# Let Me Out Sound Needed



## Spider Web (Oct 11, 2007)

Greetings

Last minute as usual! I'm looking for some word speak/scream/cry of a man desperately trying to get out…for my skelly in a cage. Something like "Let Me Out" or "Get Me Outta' Here" or "Hey You, Let Me Out"…With or without background clanging & banging. I should be able to add BG as needed. A mp3, WAV, WMA or link to a site, anything would be most appreciated. 

I could have sworn I had something like that, but can't for the life find it.
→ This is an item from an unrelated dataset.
(* Let $n\ge 2$, let $\Gamma=(\gamma_{i,j})\in\mathcal{M}_n(\mathbb{R})$ be symmetric with entries in $[0,1]$, zero diagonal, and at least one strictly positive off-diagonal entry in each row, such that the weighted graph with weight matrix $\Gamma$ is connected. Let $\boldsymbol{\eta}=\Gamma\mathbf{1}_n$, $L=\operatorname{diag}(\boldsymbol{\eta})-\Gamma$, let $\lambda,\mu>0$, and $A=(a_{i,j})=\lambda\mathsf{I}_n+\mu L$. Let $\mathsf{P}$ be either $\mathsf{P}_a\coloneqq\lambda\mathsf{I}_n+\mu\operatorname{diag}(\boldsymbol{\eta})$ or $\mathsf{P}_b\coloneqq\operatorname{diag}\big([\sum_{j=1}^n a_{i,j}^2]^{1/2}\big)_{i=1,\dots,n}$. Let $X\in\{Q,U\}$, where $Q,U\in\mathcal{M}_n(\mathbb{R})$ are defined by their columns: $Q\mathbf{e}_1=\mathbf{1}_n$, $Q\mathbf{e}_i=\mathbf{e}_1-\mathbf{e}_i$ for $i=2,\dots,n$; and $U\mathbf{e}_1=n^{-1/2}\mathbf{1}_n$, $U\mathbf{e}_k=(k(k-1))^{-1/2}\big(\sum_{j=1}^{k-1}\mathbf{e}_j-(k-1)\mathbf{e}_k\big)$ for $k=2,\dots,n$. Set $A_X\coloneqq X^{-1}AX$, $D_X\coloneqq X^{-1}\mathsf{P}X$, and let $\pi_2(M)\coloneqq M_{2:n,2:n}$ denote the trailing $(n-1)\times(n-1)$ principal submatrix. Then all eigenvalues of $\pi_2(D_X^{-1}A_X)$ are real, its smallest eigenvalue is strictly positive, and every eigenvalue $\theta$ of $\pi_2(D_X^{-1}A_X)$ satisfies \[ a(\mathsf{P}^{-1}A)-\frac{\lambda}{\lambda+\mu\min\boldsymbol{\eta}}\le\theta\le\rho(\mathsf{P}^{-1}A) \] as well as $\theta\le\min\big\{2,\ \frac{n}{n-1}\frac{\rho(L)}{a(L)}\big\}$.
   Context: $\mathbf{e}_1,\dots,\mathbf{e}_n$ is the canonical basis, $\mathbf{1}_n$ the all-ones vector, $\mathsf{I}_n$ the identity; $\min\boldsymbol{\eta}$ is the smallest entry of $\boldsymbol{\eta}$. For a matrix $M$ with real eigenvalues $\lambda_1,\dots,\lambda_n$ ordered so that $|\lambda_1|\le\cdots\le|\lambda_n|$, $\rho(M)\coloneqq\lambda_n$ is the spectral radius and $a(M)\coloneqq\lambda_2$ is the algebraic connectivity (for $M=\mathsf{P}^{-1}A$ or $M=L$ the eigenvalues are real and nonnegative, so $a(M)$ is the second smallest eigenvalue counted with multiplicity). *)

theory Defs
  imports "Jordan_Normal_Form.Char_Poly"
begin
Pleeeeze Hellllppp!


----------



## poison (May 12, 2008)

I have just released a NEW LINE of CD'S and VOL 4 HUMAN SOUNDS has that sound on it with many to choose from.

Check it out.

http://poisonprops.com/MainPages/CDs.html


----------



## HauntCast (Jul 25, 2008)

Hey Spider Web,
I have one available on my site for $5. Here is a sample.
http://www.discountvoiceovers.com/HelpMeProtected.mp3
The purchased copy doesn't have the Discount Voice Over voice in it.
I can make you a custom if you like.


----------



## Spider Web (Oct 11, 2007)

Got Discount VO to conjure up a custom sound for my skelly cage.
Unbelievabbly fast turn around.

Thanks Chris


----------